▶ [Supplied entries]:
(* Let $Z_1,\dots,Z_d$ be nonzero complex numbers with $|Z_1|\le\cdots\le|Z_d|$, not all of the same modulus, let $R=\min\{|Z_{i+1}|/|Z_i| : |Z_{i+1}|>|Z_i|\}$ and $I=\{i: 1\le i\le d-1,\ |Z_i|<|Z_{i+1}|\}\cup\{0,d\}$. Let $i_1<i_2$ be successive elements of $I$ (i.e. both in $I$ and no element of $I$ lies strictly between them), and let $i_1<l<i_2$. Then \[ |\sigma_{d-l}(Z)|\le\left(\binom{i_2-i_1}{i_2-l}+c'\right)|Z_{i_2}|^{i_2-l}\,|Z_{i_2+1}|\cdots|Z_d|, \] where $c'=\left(\binom{d}{l}-\binom{i_2-i_1}{i_2-l}\right)R^{-1}<2^dR^{-1}$.
   Context: $\sigma_k(Z)=\sum_{j_1<\dots<j_k}Z_{j_1}\cdots Z_{j_k}$ denotes the $k$-th elementary symmetric function of $Z=(Z_1,\dots,Z_d)$; an empty product equals $1$. *)

theory Defs
  imports Complex_Main
begin

definition esym :: "nat \<Rightarrow> (nat \<Rightarrow> complex) \<Rightarrow> nat \<Rightarrow> complex" where
  "esym d Z k = (\<Sum>S | S \<subseteq> {1..d} \<and> card S = k. \<Prod>j\<in>S. Z j)"

definition jumpR :: "nat \<Rightarrow> (nat \<Rightarrow> complex) \<Rightarrow> real" where
  "jumpR d Z = Min {cmod (Z (Suc i)) / cmod (Z i) | i. 1 \<le> i \<and> i \<le> d - 1 \<and> cmod (Z i) < cmod (Z (Suc i))}"

definition jumpI :: "nat \<Rightarrow> (nat \<Rightarrow> complex) \<Rightarrow> nat set" where
  "jumpI d Z = {i. 1 \<le> i \<and> i \<le> d - 1 \<and> cmod (Z i) < cmod (Z (Suc i))} \<union> {0, d}"

end

theory Submission
  imports Defs
begin
lemma rich_append: "rich B r1 z1 \<Longrightarrow> rich B r2 z2 \<Longrightarrow> rich B (r1 + r2) (z1 @ z2)"
  unfolding rich_def
proof (intro ballI impI)
  fix x
  assume "\<forall>x\<in>lists B. length x \<le> r1 \<longrightarrow> subseq x z1" "\<forall>x\<in>lists B. length x \<le> r2 \<longrightarrow> subseq x z2"
    and "x \<in> lists B" "length x \<le> r1 + r2"
  moreover have "take r1 x \<in> lists B" "drop r1 x \<in> lists B"
    using \<open>x \<in> lists B\<close> by (auto simp: in_lists_conv_set dest: in_set_takeD in_set_dropD)
  ultimately have "subseq (take r1 x) z1" "subseq (drop r1 x) z2"
    by auto
  then show "subseq x (z1 @ z2)"
    by (metis append_take_drop_id list_emb_append_mono)
qed

lemma rich_rev: "rich B r z \<Longrightarrow> rich B r (rev z)"
  unfolding rich_def by (metis length_rev rev_rev_ident subseq_rev_iff set_rev in_lists_conv_set)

▶ [Activity]:
Everything above from the line containing "r1 z1 \<Longrightarrow>" down to the line containing "r1 \<longrightarrow> subseq" should be copied exactly, both end lines included, and nothing else.

▶ [Result for this task]:
lemma rich_append: "rich B r1 z1 \<Longrightarrow> rich B r2 z2 \<Longrightarrow> rich B (r1 + r2) (z1 @ z2)"
  unfolding rich_def
proof (intro ballI impI)
  fix x
  assume "\<forall>x\<in>lists B. length x \<le> r1 \<longrightarrow> subseq x z1" "\<forall>x\<in>lists B. length x \<le> r2 \<longrightarrow> subseq x z2"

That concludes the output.